ASSIGNMENT: Retype the entries below word for word, leaving none out.

DATASET ENTRIES:
****************
(* Let $I$ be an interval containing $t_0$, let $\mu$ be a nonvanishing differentiable real function on $I$ and $\omega^2$ a real function on $I$. Let $r(t)$ be the solution of the initial value problem $$\ddot r+\frac{\dot\mu(t)}{\mu(t)}\dot r+\omega^2(t) r=0,\qquad r(t_0)=r_0\neq 0,\quad \dot r(t_0)=0,$$ and define $$\eta(x,t)=\frac{r(t_0)}{r(t)}\,x,\qquad \tau(t)=r^2(t_0)\int_{t_0}^{t}\frac{d\xi}{\mu(\xi)r^2(\xi)}\quad(\text{so }\tau(t_0)=0).$$ Let $\varphi(\eta,\tau)$ be the solution of the initial value problem for the classical heat equation $$\varphi_\tau=\tfrac12\varphi_{\eta\eta},\qquad \varphi(\eta,0)=\Phi(\eta,t_0),\quad -\infty<\eta<\infty.$$ Then the initial value problem for the variable parametric parabolic equation $$\frac{\partial\Phi}{\partial t}=\frac{1}{2\mu(t)}\frac{\partial^2\Phi}{\partial x^2}+\frac{\mu(t)\omega^2(t)}{2}x^2\Phi,\qquad \Phi(x,t)|_{t=t_0}=\Phi(x,t_0),\quad -\infty<x<\infty,$$ has the solution $$\Phi(x,t)=\sqrt{\frac{r(t_0)}{r(t)}}\;\exp\!\left(-\frac{\mu(t)\dot r(t)}{2r(t)}x^2\right)\varphi\big(\eta(x,t),\tau(t)\big).$$
   Context: Dots denote derivatives with respect to $t$. The formula is considered for $t$ at which $r(t)\neq 0$; the square root (equivalently $\tfrac12\ln(r(t_0)/r(t))$ in the exponent) is allowed to be complex-valued. *)

theory Defs
  imports "HOL-Analysis.Analysis"
begin

definition oint :: "real \<Rightarrow> real \<Rightarrow> (real \<Rightarrow> real) \<Rightarrow> real" where
  "oint a b f = (if a \<le> b then integral {a..b} f else - integral {b..a} f)"

definition tau :: "(real \<Rightarrow> real) \<Rightarrow> (real \<Rightarrow> real) \<Rightarrow> real \<Rightarrow> real \<Rightarrow> real" where
  "tau \<mu> r t0 t = (r t0)\<^sup>2 * oint t0 t (\<lambda>\<xi>. 1 / (\<mu> \<xi> * (r \<xi>)\<^sup>2))"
****************
SOLVED EXERCISE:
(* Let $I$ be an interval containing $t_0$, let $\mu$ be a nonvanishing differentiable real function on $I$ and $\omega^2$ a real function on $I$. Let $r(t)$ be the solution of the initial value problem $$\ddot r+\frac{\dot\mu(t)}{\mu(t)}\dot r+\omega^2(t) r=0,\qquad r(t_0)=r_0\neq 0,\quad \dot r(t_0)=0,$$ and define $$\eta(x,t)=\frac{r(t_0)}{r(t)}\,x,\qquad \tau(t)=r^2(t_0)\int_{t_0}^{t}\frac{d\xi}{\mu(\xi)r^2(\xi)}\quad(\text{so }\tau(t_0)=0).$$ Let $\varphi(\eta,\tau)$ be the solution of the initial value problem for the classical heat equation $$\varphi_\tau=\tfrac12\varphi_{\eta\eta},\qquad \varphi(\eta,0)=\Phi(\eta,t_0),\quad -\infty<\eta<\infty.$$ Then the initial value problem for the variable parametric parabolic equation $$\frac{\partial\Phi}{\partial t}=\frac{1}{2\mu(t)}\frac{\partial^2\Phi}{\partial x^2}+\frac{\mu(t)\omega^2(t)}{2}x^2\Phi,\qquad \Phi(x,t)|_{t=t_0}=\Phi(x,t_0),\quad -\infty<x<\infty,$$ has the solution $$\Phi(x,t)=\sqrt{\frac{r(t_0)}{r(t)}}\;\exp\!\left(-\frac{\mu(t)\dot r(t)}{2r(t)}x^2\right)\varphi\big(\eta(x,t),\tau(t)\big).$$
   Context: Dots denote derivatives with respect to $t$. The formula is considered for $t$ at which $r(t)\neq 0$; the square root (equivalently $\tfrac12\ln(r(t_0)/r(t))$ in the exponent) is allowed to be complex-valued. *)

theory Defs
  imports "HOL-Analysis.Analysis"
begin

definition oint :: "real \<Rightarrow> real \<Rightarrow> (real \<Rightarrow> real) \<Rightarrow> real" where
  "oint a b f = (if a \<le> b then integral {a..b} f else - integral {b..a} f)"

definition tau :: "(real \<Rightarrow> real) \<Rightarrow> (real \<Rightarrow> real) \<Rightarrow> real \<Rightarrow> real \<Rightarrow> real" where
  "tau \<mu> r t0 t = (r t0)\<^sup>2 * oint t0 t (\<lambda>\<xi>. 1 / (\<mu> \<xi> * (r \<xi>)\<^sup>2))"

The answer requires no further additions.